Freee art collective and Modern Architect have produced a new mobile artwork called Citizen Ship.
This portable pavilion resembles Milton Keynes’ bus shelters and is part laboratory, part kiosk and part meeting place.
Citizen Ship will engage visitors in the production of collective artworks that will be displayed in and on the structure.
Freee will work with passers-by at five locations in Milton Keynes to generate conversations through which the artists will support the production of new slogans for badges, ribbons, vinyl and posters.
Speaking about Citizen Ship, Freee said: “Our recent works have seen us looking at the potential of kiosks as a place in which we can exchange opinions.

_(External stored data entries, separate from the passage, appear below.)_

(* Let $G$ be a finitely generated group and $A$ a finitely generated abelian group on which $G$ acts with finite image in $\mathrm{Aut}(A)$. If a $2$-cocycle $\sigma:G\times G\to A$ is either right weakly bounded or left weakly bounded, then $\sigma$ is cohomologous to a $2$-cocycle that is both right and left weakly bounded.
   Context: The action is written $a\mapsto a^g$. A $2$-cocycle is $\sigma:G\times G\to A$ with $\sigma(g,h_1h_2)=\sigma(g,h_1)^{h_2}+\sigma(gh_1,h_2)-\sigma(h_1,h_2)$; two cocycles are cohomologous if they differ by $(g,h)\mapsto f(g)^h+f(h)-f(gh)$ for some $f:G\to A$. A cocycle $\sigma$ is left weakly bounded if $\sigma(g,G)$ is finite for every $g\in G$, and right weakly bounded if $\sigma(G,g)$ is finite for every $g\in G$. *)

theory Defs
  imports "HOL-Algebra.Algebra"
begin

text \<open>The coefficient group A is a HOL-Algebra commutative group, written
multiplicatively (the paper writes A additively). The right action
a \<mapsto> a^g is act g a.\<close>

definition fin_gen_group :: "('a, 'm) monoid_scheme \<Rightarrow> bool" where
  "fin_gen_group G \<longleftrightarrow> (\<exists>S. finite S \<and> S \<subseteq> carrier G \<and> generate G S = carrier G)"

definition right_action_by_auts ::
  "('a, 'm) monoid_scheme \<Rightarrow> ('b, 'n) monoid_scheme \<Rightarrow> ('a \<Rightarrow> 'b \<Rightarrow> 'b) \<Rightarrow> bool" where
  "right_action_by_auts G A act \<longleftrightarrow>
     (\<forall>g\<in>carrier G. act g \<in> iso A A) \<and>
     (\<forall>a\<in>carrier A. act \<one>\<^bsub>G\<^esub> a = a) \<and>
     (\<forall>g\<in>carrier G. \<forall>h\<in>carrier G. \<forall>a\<in>carrier A. act (g \<otimes>\<^bsub>G\<^esub> h) a = act h (act g a))"

definition finite_action_image ::
  "('a, 'm) monoid_scheme \<Rightarrow> ('b, 'n) monoid_scheme \<Rightarrow> ('a \<Rightarrow> 'b \<Rightarrow> 'b) \<Rightarrow> bool" where
  "finite_action_image G A act \<longleftrightarrow> finite ((\<lambda>g. restrict (act g) (carrier A)) ` carrier G)"

definition two_cocycle ::
  "('a, 'm) monoid_scheme \<Rightarrow> ('b, 'n) monoid_scheme \<Rightarrow> ('a \<Rightarrow> 'b \<Rightarrow> 'b) \<Rightarrow> ('a \<Rightarrow> 'a \<Rightarrow> 'b) \<Rightarrow> bool" where
  "two_cocycle G A act \<sigma> \<longleftrightarrow>
     (\<forall>g\<in>carrier G. \<forall>h\<in>carrier G. \<sigma> g h \<in> carrier A) \<and>
     (\<forall>g\<in>carrier G. \<forall>h1\<in>carrier G. \<forall>h2\<in>carrier G.
        \<sigma> g (h1 \<otimes>\<^bsub>G\<^esub> h2) =
          act h2 (\<sigma> g h1) \<otimes>\<^bsub>A\<^esub> \<sigma> (g \<otimes>\<^bsub>G\<^esub> h1) h2 \<otimes>\<^bsub>A\<^esub> inv\<^bsub>A\<^esub> (\<sigma> h1 h2))"

definition cohomologous ::
  "('a, 'm) monoid_scheme \<Rightarrow> ('b, 'n) monoid_scheme \<Rightarrow> ('a \<Rightarrow> 'b \<Rightarrow> 'b) \<Rightarrow> ('a \<Rightarrow> 'a \<Rightarrow> 'b) \<Rightarrow> ('a \<Rightarrow> 'a \<Rightarrow> 'b) \<Rightarrow> bool" where
  "cohomologous G A act \<sigma> \<tau> \<longleftrightarrow>
     (\<exists>f. f \<in> carrier G \<rightarrow> carrier A \<and>
        (\<forall>g\<in>carrier G. \<forall>h\<in>carrier G.
           \<tau> g h = \<sigma> g h \<otimes>\<^bsub>A\<^esub> (act h (f g) \<otimes>\<^bsub>A\<^esub> f h \<otimes>\<^bsub>A\<^esub> inv\<^bsub>A\<^esub> (f (g \<otimes>\<^bsub>G\<^esub> h)))))"

definition left_weakly_bounded :: "('a, 'm) monoid_scheme \<Rightarrow> ('a \<Rightarrow> 'a \<Rightarrow> 'b) \<Rightarrow> bool" where
  "left_weakly_bounded G \<sigma> \<longleftrightarrow> (\<forall>g\<in>carrier G. finite ((\<lambda>h. \<sigma> g h) ` carrier G))"

definition right_weakly_bounded :: "('a, 'm) monoid_scheme \<Rightarrow> ('a \<Rightarrow> 'a \<Rightarrow> 'b) \<Rightarrow> bool" where
  "right_weakly_bounded G \<sigma> \<longleftrightarrow> (\<forall>g\<in>carrier G. finite ((\<lambda>h. \<sigma> h g) ` carrier G))"

end

theory Submission
  imports Defs
begin

text \<open>
  Let \<open>E\<close> be the extension of \<open>G\<close> by \<open>A\<close> defined by \<open>\<sigma>\<close>; it is finitely generated.
  If every column \<open>\<sigma>(G, h)\<close> (or every row \<open>\<sigma>(h, G)\<close>) is finite, multiplying by a generator
  of \<open>E\<close> changes the \<open>A\<close>-component by a bounded amount, so \<open>A\<close> is undistorted in \<open>E\<close>: the
  norm \<open>\<nu>(a) = \<Sum>\<^sub>\<gamma> \<Sum>\<^sub>j |\<psi>\<^sub>j(\<gamma> a)|\<close>, built from integer coordinates \<open>\<psi>\<^sub>j\<close> of \<open>A\<close> and the
  finite image \<open>\<Gamma>\<close> of the action, satisfies \<open>\<nu>(a) \<le> K |(a, g)| + K\<^sub>1\<close> for the word length
  of \<open>E\<close>. Hence \<open>M\<^sub>j\<^sub>\<gamma>(g) = min\<^sub>a (K |(a, g)| - \<psi>\<^sub>j(\<gamma> a))\<close> exists, and subadditivity of
  word length makes the defect \<open>\<delta>M\<^sub>j\<^sub>\<gamma> - \<psi>\<^sub>j \<circ> \<gamma> \<circ> \<sigma>\<close> nonnegative and bounded in terms
  of \<open>g\<close> alone as well as of \<open>h\<close> alone. Reassembling the \<open>M\<^sub>j\<^sub>\<gamma>\<close> into an \<open>A\<close>-valued
  cochain \<open>k\<close> gives \<open>\<delta>k = \<sigma>\<^sup>e \<cdot> (bounded defect)\<close> with \<open>e = N |\<Gamma>|\<close>. Dividing the
  exponents of \<open>k\<close> by \<open>e\<close> yields \<open>k = q\<^sup>e r\<close> with \<open>r\<close> in a finite set, so the cohomologous
  cocycle \<open>\<tau> = \<sigma> \<cdot> \<delta>(q\<^sup>-\<^sup>1)\<close> has \<open>\<tau>\<^sup>e\<close> in a finite set along every row and column;
  as the torsion of \<open>A\<close> is finite, every element has only finitely many \<open>e\<close>-th roots.
\<close>

section \<open>Integer coordinates on finitely generated abelian groups\<close>

lemma (in comm_group) hom_finprod:
  assumes "comm_group H" and "h \<in> hom G H" and "f \<in> I \<rightarrow> carrier G"
  shows "h (finprod G f I) = finprod H (\<lambda>i. h (f i)) I"
proof -
  interpret H: comm_group H by fact
  interpret h: group_hom G H h
    by (simp add: group_hom_def group_hom_axioms_def is_group H.is_group assms(2))
  show ?thesis
    using assms(3)
  proof (induct I rule: infinite_finite_induct)
    case (insert i I)
    then show ?case by (auto simp: Pi_def)
  qed auto
qed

We have been considering how kiosks can operate as temporary meeting points in the public realm in which the passer-by can develop their political ideas.
"Citizen Ship is the biggest and most ambitious structure we have built to date and it has been designed to accommodate a number of people.”
Freee are interested in consensus and dissensus, so the participatory methods they employ are directed at political exchange and opinion formation; "We are engaged with how collectively we decide what we believe, considering different cultures and the social political moment we find ourselves in."
Citizen Ship is a temporary structure. It will be located in a series of sites around Milton Keynes starting at MK CityFest in Middleton Hall, centre:mk (26-29 June), followed by Art in the Park (1 & 2 July), Milton Keynes Arts Centre, Great Linford (3-8 July), and Margaret Powell Square, Milton Keynes (10-14 July).